TO DO: Give only the number of lines in the records that contain the word "rule".

DATA PROVIDED:

theorem corollary3p11:
  fixes n :: nat and a :: "nat \<Rightarrow> complex" and m :: "nat \<Rightarrow> nat"
    and C0 :: "complex^'p^'p" and B :: "nat \<Rightarrow> nat \<Rightarrow> complex^'p^'p"
    and N :: "complex^'p \<Rightarrow> real" and lam0 :: complex
  assumes "n \<ge> 1"
    and "inj_on a {..<n}"
    and "\<forall>j<n. m j \<ge> 1"
    and "is_vector_norm N"
    and "is_eigenvalue_R n a m C0 B lam0"
  shows "cmod lam0 \<le>
     max (Max {cmod (a j) + cos (pi / (real (m j) + 1)) | j. j < n}) (induced_norm N C0)
     + 1/2 * (sqrt (\<Sum>j<n. real (m j))
              + sqrt (\<Sum>j<n. \<Sum>k=1..m j. (induced_norm N (B j k))\<^sup>2))"
    (is "_ \<le> ?M + ?t")
proof (rule ccontr)
  assume exceeds: "\<not> ?thesis"
  define x where "x = cmod lam0 - ?M"
  have "?t < x"
    using exceeds unfolding x_def by linarith
  have "sqrt (\<Sum>j<n. real (m j)) / 2 \<le> ?t"
    by (simp add: sum_nonneg)
  then have x_large: "sqrt (\<Sum>j<n. real (m j)) / 2 < x"
    using \<open>?t < x\<close> by (rule order_le_less_trans)
  have "x \<le> cmod (lam0 - a j) ^ k" if "j < n" and "k \<in> {1..m j}" for j k
  proof (rule power_ge_if_ge_add_cos[OF that(2)])
    have "cmod (a j) + cos (pi / (real (m j) + 1)) \<le> ?M"
      using \<open>j < n\<close> by (intro max.coboundedI1 Max_ge) auto
    then show "x + cos (pi / (real (m j) + 1)) \<le> cmod (lam0 - a j)"
      unfolding x_def using norm_triangle_ineq2[of lam0 "a j"] by linarith
    have "sqrt (m j) \<le> sqrt (\<Sum>j<n. real (m j))"
      using \<open>j < n\<close> by (intro real_sqrt_le_mono member_le_sum) auto
    then show "sqrt (m j) / 2 \<le> x"
      using x_large by linarith
  qed
  moreover have "x \<le> (\<Sum>j<n. \<Sum>k=1..m j. induced_norm N (B j k) / cmod (lam0 - a j) ^ k)"
    using is_eigenvalue_R_norm_le[OF assms(4,5)] unfolding x_def by linarith
  moreover have "0 < x"
    by (rule order_le_less_trans[OF _ x_large]) (simp add: sum_nonneg)
  ultimately have "x \<le> ?t"
    by (intro le_half_sum_sqrts_of_le_sum_div_powers induced_norm_nonneg[OF assms(4)])
  with \<open>?t < x\<close> show False
    by simp
qed

end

RESULT FOR THIS TASK: 4